Workflows can fail for a lot of different reasons. If you're lucky, you have the wrong inputs plugged into the configuration, which is typically fast to fail and fast to fix (to learn more about how to avoid these sorts of errors, see Workflow setup: Configuring inputs). More complex errors come from the workflow code: bugs, or limitations in the analysis software package you're calling on. And of course you can fall victim to transient errors when something goes wrong on the Google Cloud Platform itself (even giants sometimes stumble).
In this document we'll go over some basic resources to help investigate failed workflows on Terra. This isn’t a guide for solving all errors but a doc to help diagnose failed submissions. The information below is to help guide you as you drill down to find the root cause of these more complex errors, so you can be up and running. Descriptions of more complicated errors are always welcome on the Terra Forum, where our team is happy to help.
At this point we will assume you have a workspace set up with a data table and workflow configuration loaded. You’ve launched your workflow, but your submission has failed. Don’t despair! Information in the Job History and Job Manager can help get your workflow up and running soon enough, as long as you know how to access and use the information.

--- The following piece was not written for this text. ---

(* The pair $\langle \alpha^{\mathsf{v}}, \gamma^{\mathsf{v}}\rangle$ forms a Galois connection between the concrete domain $\mathcal{C}$ and the view domain $\mathcal{A}^{\mathsf{v}}$.
   Context: Setting (heap programs): $\mathit{Var}=\mathit{Var}_p\uplus\mathit{Var}_d$ are pointer/data program variables, $\mathit{Fld}=\mathit{Fld}_p\uplus\mathit{Fld}_d$ pointer/data fields, $\mathit{Addr}$ a set of addresses containing $\mathsf{null}$, $\mathit{Val}=\mathit{Addr}\uplus\mathbb{Z}$, $\mathit{Loc}$ a finite set of control locations. A stack $s:\mathit{Var}\to\mathit{Val}$ is safe if $s(\mathit{Var}_p)\subseteq\mathit{Addr}$ and $s(\mathit{Var}_d)\subseteq\mathbb{Z}$. A heap is a partial map $h:\mathit{Addr}\rightharpoonup\mathit{FldVal}$ with $\mathit{FldVal}=(\mathit{Fld}\uplus\{\mathsf{free}\})\to\mathit{Val}$; it is safe if for all $a\in\mathrm{dom}(h)$, $h(a)(\mathit{Fld}_p)\subseteq\mathit{Addr}\cap\mathrm{dom}(h)$ and $h(a)(\mathit{Fld}_d\uplus\{\mathsf{free}\})\subseteq\mathbb{Z}$; $\mathit{Heap}$ is the set of safe heaps. A state is $\langle\ell,\langle s,h\rangle\rangle$ with $\ell\in\mathit{Loc}$, $s$ a safe stack, $h$ a safe heap and $\mathrm{rng}(s)\cap\mathit{Addr}\subseteq\mathrm{dom}(h)$; $\mathit{State}$ is the set of states. The concrete domain is $\mathcal{C}=\mathcal{P}(\mathit{State})\cup\{\top\}$ ordered by $X\sqsubseteq Y$ iff ($X,Y$ are sets and $X\subseteq Y$) or $Y=\top$. View abstraction: the view states are $\mathit{State}^{\mathsf{v}}=\mathit{Loc}\times\{\top\}\cup\{\langle\ell,\langle s,h\rangle\rangle \mid \mathrm{dom}(h)=s(\mathit{Var}_p)\}$ (the view heap $h$ may point outside its domain, so need not be safe). The abstract domain is $\mathcal{A}^{\mathsf{v}}=(\mathcal{P}(\mathit{State}^{\mathsf{v}})\times\mathcal{P}(\mathit{Addr}\times\mathit{FldVal}))\cup\{\top\}$, ordered by componentwise subset inclusion with $\top$ as top element; it is a complete lattice. For a view heap $h$ and $H\subseteq\mathit{Addr}\times\mathit{FldVal}$ (the space invariant), the completion $H\triangleright h$ is the set of safe heaps $h'$ with $h'=h\uplus h''$ for some $h''\in\mathit{Heap}$ whose graph is contained in $H$. The concretization is $\gamma^{\mathsf{v}}(\Sigma,H)=\{\langle\ell,\langle s,h'\rangle\rangle \mid \langle\ell,\langle s,h\rangle\rangle\in\Sigma \wedge h'\in H\triangleright h\}$ and $\gamma^{\mathsf{v}}(\top)=\top$. The abstraction $\alpha^{\mathsf{v}}:\mathcal{C}\to\mathcal{A}^{\mathsf{v}}$ is defined as $\alpha^{\mathsf{v}}(\Sigma)=$ the greatest lower bound (meet) in $\mathcal{A}^{\mathsf{v}}$ of the set $\{V\in\mathcal{A}^{\mathsf{v}} \mid \Sigma\sqsubseteq\gamma^{\mathsf{v}}(V)\}$. *)

theory Defs
  imports Main
begin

To troubleshoot, you can access increasingly more granular information starting with submission-level status and digging into workflow-level information (within a submission), and tasks-level (within each workflow).
If your workflow seems to be stuck or stalledIf your workflow is not progressing from submitted to running, or seems to be taking longer that expected to run, you may be bumping up against a Google Cloud resource quota. See How to troubleshoot and fix stalled workflows.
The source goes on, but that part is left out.